AFAIK mount points are pinned, you cannot rm or mv them so it seems we
could make them always valid. I don't know if there are deeper and more
subtle implications.

The recent signal fixes are not fixing this issue.

Cheers,
Shyam Prasad N Feb. 1, 2021, 4:51 p.m. UTC | #3
I'm okay with returning valid for directory mount point.

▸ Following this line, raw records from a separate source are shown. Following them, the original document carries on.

theorem theorem1:
  fixes Q :: "'a set" and q n r \<rho> d :: nat and B :: "nat \<Rightarrow> real"
    and C :: "(nat \<Rightarrow> 'a) set"
  assumes "q \<ge> 2" and "finite Q" and "card Q = q"
    and "r \<ge> 1" and "\<rho> \<ge> 2" and "d \<ge> 1"
    and B_bound: "\<And>l D. is_code Q l D \<Longrightarrow> min_dist_ge {1..l} D \<rho> \<Longrightarrow> real (card D) \<le> B l"
    and B0: "B 0 = 1"
    and B_lc: "log_convex B"
    and code: "is_code Q n C"
    and loc: "has_locality n C r \<rho>"
    and dist: "min_dist_eq {1..n} C d"
  shows "log q (card C) \<le>
     real_of_int (\<lceil>(real n - (real d - 1)) / real (r + \<rho> - 1)\<rceil> + 1) * log q (B (r + \<rho> - 1))"
proof -
  define N where "N = r + \<rho> - 1"
  have "N \<ge> 2" using assms(4,5) by (simp add: N_def)
  have bound: "code_size_bound Q \<rho> B" using B_bound unfolding code_size_bound_def by blast
  have "B N \<ge> 1" using assms(1,3) by (intro bound_ge_one[OF _ bound]) auto
  have "d \<le> n" and "C \<noteq> {}" using min_dist_eq_imp_le_length[OF dist] by auto
  have "card C > 0"
    using \<open>C \<noteq> {}\<close> code \<open>finite Q\<close> unfolding is_code_def
    by (metis card_gt_0_iff finite_PiE finite_atLeastAtMost finite_subset)
  have "n - d + 1 \<le> n" using \<open>d \<le> n\<close> \<open>d \<ge> 1\<close> by simp
  from exists_coordinate_set_bounded_proj[OF \<open>finite Q\<close> code loc N_def bound
        log_convex_pow_le[OF B_lc B0] this]
  obtain U where U: "U \<subseteq> {1..n}" "n - d + 1 \<le> card U" "card U \<le> n - d + 1 + N - 1"
      "real (card (proj C U)) ^ N \<le> B N ^ card U"
    by blast
  have "card (proj C U) = card C"
    unfolding proj_def using dist U(2) \<open>d \<le> n\<close>
    by (intro card_image inj_on_restrict_if_min_dist_ge[OF _ U(1), of C d])
      (auto simp: min_dist_eq_def)
  then have "real (card C) ^ N \<le> B N ^ card U" using U(4) by simp
  also have "\<dots> \<le> B N ^ (n - d + N)"
    using U(3) \<open>N \<ge> 2\<close> \<open>B N \<ge> 1\<close> by (intro power_increasing) auto
  finally show ?thesis
    unfolding N_def[symmetric] using \<open>card C > 0\<close> \<open>B N \<ge> 1\<close> assms(1) \<open>N \<ge> 2\<close> \<open>d \<le> n\<close>
    by (intro log_le_ceiling_mult_log_of_pow_le) auto
qed

end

But the point that I'm trying to make here is that VFS reacts
differently when d_validate returns an error VS when it just returns
invalid:
https://elixir.bootlin.com/linux/latest/source/fs/namei.c#L1409

Notice how it calls d_invalidate only when there's no error. And
d_invalidate seems to have detach_mounts.
It is likely that the umount happens there.

I'm suggesting that we should return errors inside d_validate
handlers, rather than just 0 or 1.
Makes sense?

Regards,
Shyam

On Mon, Feb 1, 2021 at 4:01 PM Aurélien Aptel <aaptel@suse.com> wrote:
>
> Shyam Prasad N <nspmangalore@gmail.com> writes:
> > Going by the documentation of d_revalidate:
> >> This function should return a positive value if the dentry is still
> >> valid, and zero or a negative error code if it isn't.
> >
> > In case of error, can we try returning the rc itself (rather than 0),
> > and see if VFS avoids a dentry put?
> > Because theoretically, the call execution has failed, and the dentry
> > is not found to be invalid.
>
> AFAIK mount points are pinned, you cannot rm or mv them so it seems we
> could make them always valid. I don't know if there are deeper and more
> subtle implications.
>
> The recent signal fixes are not fixing this issue.
>
> Cheers,
> --
> Aurélien Aptel / SUSE Labs Samba Team
> GPG: 1839 CB5F 9F5B FB9B AA97  8C99 03C8 A49B 521B D5D3
> SUSE Software Solutions Germany GmbH, Maxfeldstr. 5, 90409 Nürnberg, DE
> GF: Felix Imendörffer, Mary Higgins, Sri Rasiah HRB 247165 (AG München)
>
Aurélien Aptel Feb. 2, 2021, 11 a.m. UTC | #4
Shyam Prasad N <nspmangalore@gmail.com> writes:
> But the point that I'm trying to make here is that VFS reacts
> differently when d_validate returns an error VS when it just returns
> invalid:
> https://elixir.bootlin.com/linux/latest/source/fs/namei.c#L1409

I've tried returning the error with the repro script and it also worked.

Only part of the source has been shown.